Tom Coughlin is on the hot seat? Because Antonio Pierce said so? Nice fodder for some off-season discussion, but that hardly means there is any truth to it.

Coughlin's seat is warm. So is the seat of every other head coach of an NFL team, and Coughlin knows that. In my mind it's going to take a 4-12 season and a whole bunch of games like the final two of 2009 -- where the Giants played like they had already packed it in -- for Coughlin's job security to become an issue.

I don't think that is going to happen.

Here is TC discussing Pierce's remarks.

"I don’t know what he said or how (or) why he said it or what his intent was there by any means," Coughlin said on Tuesday while at the Giants foundation golf outing at the Westchester Country Club. "It is a one-year circumstance for everybody. I don’t care if you just won the Super Bowl. You are expected to come right back and perform at the highest level. Of course in this market, you are always going to be subject to that scrutiny. My goals, my expectations, what I demand of myself and what I demand of this team really is internally driven. It has nothing to do with outside."

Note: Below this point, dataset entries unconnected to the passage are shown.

lemma eigvec_multiple:
  assumes distinct: "\<And>a b. 0 \<le> a \<Longrightarrow> a < b \<Longrightarrow> \<Lambda> a \<noteq> \<Lambda> b"
    and "0 \<le> m" "m \<le> M"
    and eig_y: "\<And>i. L_coeffs y i = \<Lambda> m * y i" and supp_y: "supported_upto y M"
    and eig_e: "\<And>i. L_coeffs e i = \<Lambda> m * e i" and supp_e: "supported_upto e m" and "e m = 1"
  shows "y i = y m * e i"
proof -
  define z where "z i = y i + (- y m) * e i" for i
  have eig_z: "L_coeffs z i = \<Lambda> m * z i" for i
    unfolding z_def L_coeffs_lincomb eig_y eig_e by (simp add: algebra_simps)
  have supp_z: "supported_upto z M"
    using supp_y supp_e \<open>m \<le> M\<close> unfolding supported_upto_def z_def by auto
  have "z m = 0"
    using \<open>e m = 1\<close> by (simp add: z_def)
  have above: "z i = 0" if "m < i" for i
  proof (rule eigvec_vanishes_above[OF eig_z _ _ that])
    show "z i = 0" if "M < i" for i
      using supp_z that unfolding supported_upto_def by auto
    show "\<Lambda> i \<noteq> \<Lambda> m" if "m < i" "i \<le> M" for i
      using distinct[of m i] \<open>0 \<le> m\<close> that by auto
  qed
  have "z i = 0" if "-1 < i" for i
  proof (rule eigvec_vanishes_above[OF eig_z _ _ that])
    show "z i = 0" if "m - 1 < i" for i
      using above \<open>z m = 0\<close> that by (cases "i = m") auto
    show "\<Lambda> i \<noteq> \<Lambda> m" if "-1 < i" "i \<le> m - 1" for i
      using distinct[of i m] that by auto
  qed
  then have "z i = 0"
    using supp_z unfolding supported_upto_def by (cases "i < 0") auto
  then show ?thesis
    by (simp add: z_def)
qed

lemma L_coeffs_quadratic_kernel:
  assumes distinct: "\<And>a b. 0 \<le> a \<Longrightarrow> a < b \<Longrightarrow> \<Lambda> a \<noteq> \<Lambda> b" and "0 \<le> m" "m < m'"
    and eig_e: "\<And>i. L_coeffs e i = \<Lambda> m * e i" and supp_e: "supported_upto e m" and "e m = 1"
    and eig_e': "\<And>i. L_coeffs e' i = \<Lambda> m' * e' i" and supp_e': "supported_upto e' m'" and "e' m' = 1"
    and supp_w: "supported_upto w m'"
    and ann: "\<And>i. L_coeffs (L_coeffs w) i - (\<Lambda> m' + \<Lambda> m) * L_coeffs w i + \<Lambda> m' * \<Lambda> m * w i = 0"
  obtains A B where "\<And>i. w i = A * e' i + B * e i"
proof -
  define y where "y = (\<lambda>i. L_coeffs w i + (- \<Lambda> m) * w i)"
  have eig_y: "L_coeffs y i = \<Lambda> m' * y i" for i
    using ann[of i] unfolding y_def L_coeffs_lincomb by (simp add: algebra_simps)
  have supp_y: "supported_upto y m'"
    using L_coeffs_supported[OF supp_w] supp_w unfolding supported_upto_def y_def by auto
  have y_eq: "y i = y m' * e' i" for i
    by (rule eigvec_multiple[OF distinct _ _ eig_y supp_y eig_e' supp_e' \<open>e' m' = 1\<close>]) (use assms in auto)
  have ne: "\<Lambda> m' \<noteq> \<Lambda> m"
    using distinct[OF \<open>0 \<le> m\<close> \<open>m < m'\<close>] by (rule not_sym)
  define A where "A = y m' / (\<Lambda> m' - \<Lambda> m)"
  define z where "z = (\<lambda>i. w i + (- A) * e' i)"
  have eig_z: "L_coeffs z i = \<Lambda> m * z i" for i
  proof -
    have "L_coeffs z i - \<Lambda> m * z i = (y m' - A * (\<Lambda> m' - \<Lambda> m)) * e' i"
      using y_eq[of i] unfolding z_def L_coeffs_lincomb eig_e' y_def by (simp add: algebra_simps)
    also have "\<dots> = 0"
      using ne by (simp add: A_def)
    finally show ?thesis
      by simp
  qed
  have supp_z: "supported_upto z m'"
    using supp_w supp_e' unfolding supported_upto_def z_def by auto
  have z_eq: "z i = z m * e i" for i
    by (rule eigvec_multiple[OF distinct _ _ eig_z supp_z eig_e supp_e \<open>e m = 1\<close>]) (use assms in auto)
  show ?thesis
  proof (rule that)
    show "w i = A * e' i + z m * e i" for i
      using z_eq[of i] by (simp add: z_def)
  qed
qed

text \<open>The constant \<open>\<alpha>\<close> is chosen so that \<open>mu_coeffs c - \<alpha> c\<close> lies in the kernel of
  \<open>(L - \<Lambda> (n+1)) (L - \<Lambda> (n-1))\<close>.\<close>
lemma mu_coeffs_three_term:
  fixes n :: int
  assumes distinct: "\<And>a b. 0 \<le> a \<Longrightarrow> a < b \<Longrightarrow> \<Lambda> a \<noteq> \<Lambda> b" and "1 \<le> n"
    and eig_m: "\<And>i. L_coeffs cm i = \<Lambda> (n - 1) * cm i"
    and supp_m: "supported_upto cm (n - 1)" and "cm (n - 1) = 1"
    and eig: "\<And>i. L_coeffs c i = \<Lambda> n * c i" and supp: "supported_upto c n" and "c n = 1"
    and eig_p: "\<And>i. L_coeffs cp i = \<Lambda> (n + 1) * cp i"
    and supp_p: "supported_upto cp (n + 1)" and "cp (n + 1) = 1"
  obtains \<alpha> B where "\<And>i. mu_coeffs c i = cp i + \<alpha> * c i + B * cm i"
proof -
  have ne: "\<Lambda> n \<noteq> \<Lambda> (n + 1)" "\<Lambda> n \<noteq> \<Lambda> (n - 1)"
    using distinct[of n "n + 1"] distinct[of "n - 1" n] \<open>1 \<le> n\<close> by auto
  define \<alpha> where "\<alpha> = (2 * (\<Lambda> n)\<^sup>2 + (2 * a1 - b0) * \<Lambda> n + b1 * (b0 - 2 * a0))
    / ((\<Lambda> n - \<Lambda> (n + 1)) * (\<Lambda> n - \<Lambda> (n - 1)))"
  define w where "w = (\<lambda>i. mu_coeffs c i + (- \<alpha>) * c i)"
  have Lw: "L_coeffs w = (\<lambda>i. L_coeffs (mu_coeffs c) i + (- \<alpha> * \<Lambda> n) * c i)"
    by (intro ext) (simp only: w_def L_coeffs_lincomb eig mult.assoc)
  have ann: "L_coeffs (L_coeffs w) i - (\<Lambda> (n + 1) + \<Lambda> (n - 1)) * L_coeffs w i
      + \<Lambda> (n + 1) * \<Lambda> (n - 1) * w i = 0" for i
  proof -
    have "L_coeffs (L_coeffs w) i - (\<Lambda> (n + 1) + \<Lambda> (n - 1)) * L_coeffs w i + \<Lambda> (n + 1) * \<Lambda> (n - 1) * w i
        = (L_coeffs (L_coeffs (mu_coeffs c)) i - (\<Lambda> (n + 1) + \<Lambda> (n - 1)) * L_coeffs (mu_coeffs c) i
            + \<Lambda> (n + 1) * \<Lambda> (n - 1) * mu_coeffs c i)
          - \<alpha> * ((\<Lambda> n - \<Lambda> (n + 1)) * (\<Lambda> n - \<Lambda> (n - 1))) * c i"
      unfolding Lw L_coeffs_lincomb eig by (simp add: w_def algebra_simps power2_eq_square)
    also have "\<dots> = 0"
      using L_coeffs_on_mu_eigvec[OF eig, of i] ne unfolding \<alpha>_def by simp
    finally show ?thesis .
  qed
  have supp_w: "supported_upto w (n + 1)"
    using mu_coeffs_supported[OF supp] supp unfolding supported_upto_def w_def by auto
  obtain A B where w_eq: "\<And>i. w i = A * cp i + B * cm i"
    by (rule L_coeffs_quadratic_kernel[OF distinct _ _ eig_m supp_m \<open>cm (n - 1) = 1\<close> eig_p supp_p
          \<open>cp (n + 1) = 1\<close> supp_w ann]) (use \<open>1 \<le> n\<close> in auto)
  have "A = 1"
    using w_eq[of "n + 1"] supp supp_m \<open>c n = 1\<close> \<open>cp (n + 1) = 1\<close>
    unfolding w_def mu_coeffs_def supported_upto_def by simp
  with w_eq show ?thesis
    by (intro that[of \<alpha> B]) (simp add: w_def algebra_simps)
qed
(* Let $e_0,\dots,e_{14}$ be the coefficients of the numerator $\mathbf{E}_4(X)$ of the generating series $\sum_{\delta\ge0}\mathbf{T}(p^\delta)X^\delta$ for $\mathrm{Sp}_4$, given explicitly as polynomials in $p$, $T=\mathbf{T}(p)$, $T_1,T_2,T_3$, $\Delta=[\mathbf{p}]$ by: $e_0=1$, $e_1=0$, $e_2=-p^2\big((p^8+p^6+2p^4+2p^2+1)\Delta+(p^2+p+1)(p^2-p+1)T_3+T_2\big)$, $e_3=p^4(p+1)\big((p^2+1)(p^3-p^2+1)\Delta+T_3\big)T$, $e_4=p^7\big((p^2+p+1)(p^2-p+1)(p^8+3p^7+p^5+2p^3+p-1)\Delta^2+(p^2+p+1)(p^2-p+1)(2p^3+p-2)T_3\Delta-(p^2+p+1)(p^2-p+1)T_3^2+(2p^5+2p^3+p^2+p-1)T_2\Delta-T_2T_3+p(p^2+p+1)T_1\Delta-(p^2+p+1)T^2\Delta\big)$, $e_5=-p^{10}(p+1)\big((p^2+1)(p^7-p^6-p^2-1)\Delta-(p^2+1)T_3-T_2\big)T\Delta$, $e_6=p^{14}\big((p^{16}-p^{15}-2p^{14}-3p^{12}-5p^{10}-8p^8+p^7-8p^6-5p^4-4p^2-1)\Delta^3+(p^{12}-p^{10}-p^9-5p^8+2p^7-7p^6-6p^4-8p^2+p-2)T_3\Delta^2+(p^7-p^4-4p^2+2p-1)T_3^2\Delta+pT_3^3-(2p^8+3p^6+p^4-p^3+3p^2+p+1)T_2\Delta^2-(3p^2+p+1)T_2T_3\Delta-(p^6-p^3+1)T_1\Delta^2-T_1T_3\Delta+p^2(p^3+p-1)T^2\Delta^2\big)$, $e_7=-p^{19}(p-1)(p+1)\big((p^2+p+1)(p^2-p+1)(p^2+1)\Delta+(p^2+p+1)(p^2-p+1)T_3+T_2\big)T\Delta^2$, $e_8=-p^{24}\big((p^{16}-3p^{12}-3p^{10}-p^9-9p^8-8p^6-7p^4-5p^2+p-1)\Delta^3+(p^{10}-p^9-4p^8-6p^6-8p^4-9p^2+3p-2)T_3\Delta^2-(p^4+4p^2-3p+1)T_3^2\Delta+pT_3^3-(p^8+2p^6-p^5+2p^4+p^3+4p^2+1)T_2\Delta^2-(p^3+3p^2+1)T_2T_3\Delta+(p^5-p^2-1)T_1\Delta^2-T_1T_3\Delta-p(p^3-p^2-1)T^2\Delta^2\big)\Delta$, $e_9=p^{29}(p+1)\big((p^2+1)(p^5-2p^4-1)\Delta-(p^4+1)T_3-T_2\big)T\Delta^3$, $e_{10}=-p^{35}\big((p^2-p+1)(p^2+p+1)(p^8+2p^7+p^5+3p^3+p-1)\Delta^2-(p^2-p+1)(p^2+p+1)(p^5-3p^3-p+2)T_3\Delta-(p^2-p+1)(p^2+p+1)T_3^2+(p^5+3p^3+p^2+p-1)T_2\Delta-T_2T_3+p(p^2+p+1)T_1\Delta-(p^2+p+1)T^2\Delta\big)\Delta^3$, $e_{11}=-p^{41}(p+1)\big((p^2+1)(p^3-p^2+1)\Delta+T_3\big)T\Delta^4$, $e_{12}=p^{48}\big((2p^6+2p^4+2p^2+1)\Delta+(p^2-p+1)(p^2+p+1)T_3+T_2\big)\Delta^5$, $e_{13}=0$, $e_{14}=-p^{64}\Delta^7$. Let $\Omega(e_k)\in\mathbb{Q}(p)[x_0^{\pm1},x_1^{\pm1},\dots,x_4^{\pm1}]$ be obtained by substituting into $e_k$ the images $\Omega(T),\Omega(T_1),\Omega(T_2),\Omega(T_3),\Omega(\Delta)$ listed in the context, regarding $p$ as an indeterminate. Then for every $k=0,\dots,14$: $$\Omega(e_{14-k})(p,x_0,x_1,x_2,x_3,x_4)=-p^{-6}\,(x_0^2x_1x_2x_3x_4)^{7-k}\;\Omega(e_k)\Big(\tfrac1p,\;x_0x_1x_2x_3x_4,\;\tfrac1{x_1},\tfrac1{x_2},\tfrac1{x_3},\tfrac1{x_4}\Big).$$
   Context: Here $\mathbf{T}(p)$, $T_i=\mathbf{T}_i(p^2)$ and $\Delta=[\mathbf{p}]$ are the standard generators of the Hecke ring of $\mathrm{Sp}_4(\mathbb{Z})$ inside the group of positive symplectic similitudes of genus 4, and $\mathbf{E}_4(X)=\sum e_kX^k$ is the numerator in $\sum_{\delta\ge0}\mathbf{T}(p^\delta)X^\delta=\mathbf{E}_4(X)/\mathbf{F}_4(X)$. The spherical (Satake) map $\Omega$ is the ring homomorphism into Laurent polynomials in $x_0,\dots,x_4$ whose values on generators are as follows. For integers $i_1\ge i_2\ge i_3\ge i_4\ge0$ let $\mathrm{sym}_{i_1i_2i_3i_4}$ denote the sum of the distinct monomials obtained from $x_1^{i_1}x_2^{i_2}x_3^{i_3}x_4^{i_4}$ by permuting $x_1,\dots,x_4$ (each with coefficient 1). Then $\Omega(\mathbf{T}(p))=x_0(\mathrm{sym}_{1111}+\mathrm{sym}_{1110}+\mathrm{sym}_{1100}+\mathrm{sym}_{1000}+1)$; $\Omega(T_1)=x_0^2p^{-8}\big((p-1)^2(p+1)(4p^4+3p^3+3p^2+p+1)\mathrm{sym}_{1111}+p^4(p-1)(3p^2+2p+1)(\mathrm{sym}_{2111}+\mathrm{sym}_{1110})+p^5(p-1)(p+1)(\mathrm{sym}_{2211}+\mathrm{sym}_{2110}+\mathrm{sym}_{1100})+p^7(\mathrm{sym}_{2221}+\mathrm{sym}_{2210}+\mathrm{sym}_{2100}+\mathrm{sym}_{1000})\big)$; $\Omega(T_2)=x_0^2p^{-8}\big((p-1)(4p^4+3p^3+3p^2+p+1)\mathrm{sym}_{1111}+p^2(p-1)(p^2+p+1)(\mathrm{sym}_{2111}+\mathrm{sym}_{1110})+p^5(\mathrm{sym}_{2211}+\mathrm{sym}_{2110}+\mathrm{sym}_{1100})\big)$; $\Omega(T_3)=x_0^2p^{-10}\big((p-1)(p+1)(p^2+1)\mathrm{sym}_{1111}+p^4(\mathrm{sym}_{2111}+\mathrm{sym}_{1110})\big)$; $\Omega(\Delta)=x_0^2p^{-10}\mathrm{sym}_{1111}=x_0^2p^{-10}x_1x_2x_3x_4$. *)

theory Defs
  imports Complex_Main "HOL-Combinatorics.Permutations"
begin

definition expv :: "nat \<Rightarrow> nat \<Rightarrow> nat \<Rightarrow> nat \<Rightarrow> nat \<Rightarrow> nat" where
  "expv i1 i2 i3 i4 = (\<lambda>i. if i < 4 then [i1, i2, i3, i4] ! i else 0)"

text \<open>sym: sum of the distinct monomials obtained from x1^i1 x2^i2 x3^i3 x4^i4 by permuting
  the variables x1..x4 (here x 0, ..., x 3), each with coefficient 1.\<close>
definition msym :: "nat \<Rightarrow> nat \<Rightarrow> nat \<Rightarrow> nat \<Rightarrow> (nat \<Rightarrow> 'a::comm_ring_1) \<Rightarrow> 'a" where
  "msym i1 i2 i3 i4 x =
     (\<Sum>b \<in> {b. \<exists>\<sigma>. \<sigma> permutes {0..<4} \<and> b = expv i1 i2 i3 i4 \<circ> \<sigma>}. \<Prod>i<4. x i ^ b i)"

I have to dip into the Coughlin-Bill Cowher thing again. I made my feelings clear on this way back at the end of last season, but I will do so again. I ask those of you who are calling for Cowher to go back and re-read that post in its entirety.

Cowher is not a better coach than Coughlin. They are, basically, the same guy with nearly identical careers. Cowher has a slightly better winning percentage, mostly because he began his coaching career with a good Pittsburgh team while Coughlin began trying to build a team from scratch in Jacksonville. If the two coaches switched positions, today you would be begging for TC to ride in and save the Giants.

Fact is, the best thing Cowher has going for him is the fact that he has not coached for four years now. The longer he stays away, the more his mythical powers seem to grow in the eyes of some fans. That, of course, is silliness.

Here is part of what I wrote last December in defense of Coughlin.

Calling for Coughlin's dismissal is an emotional over-reaction to a bitterly disappointing season. A season of high expectations that has been lost in a sea of horrific defense, putrid special teams play and missed opportunities. ...

Sometimes, no matter what the coach does the players he is working with just are not good enough. That is the case with this Giants team -- especially on the defensive side of the ball. To flip-flop Dennis Green's famous remark, these defensive players are not who we thought they were. ...

The Giants undoubtedly need to make some changes to get back to the top. The head coach is not one of them, however.

He is part of the solution.

I believed that when I wrote it a few months ago. I still believe it now.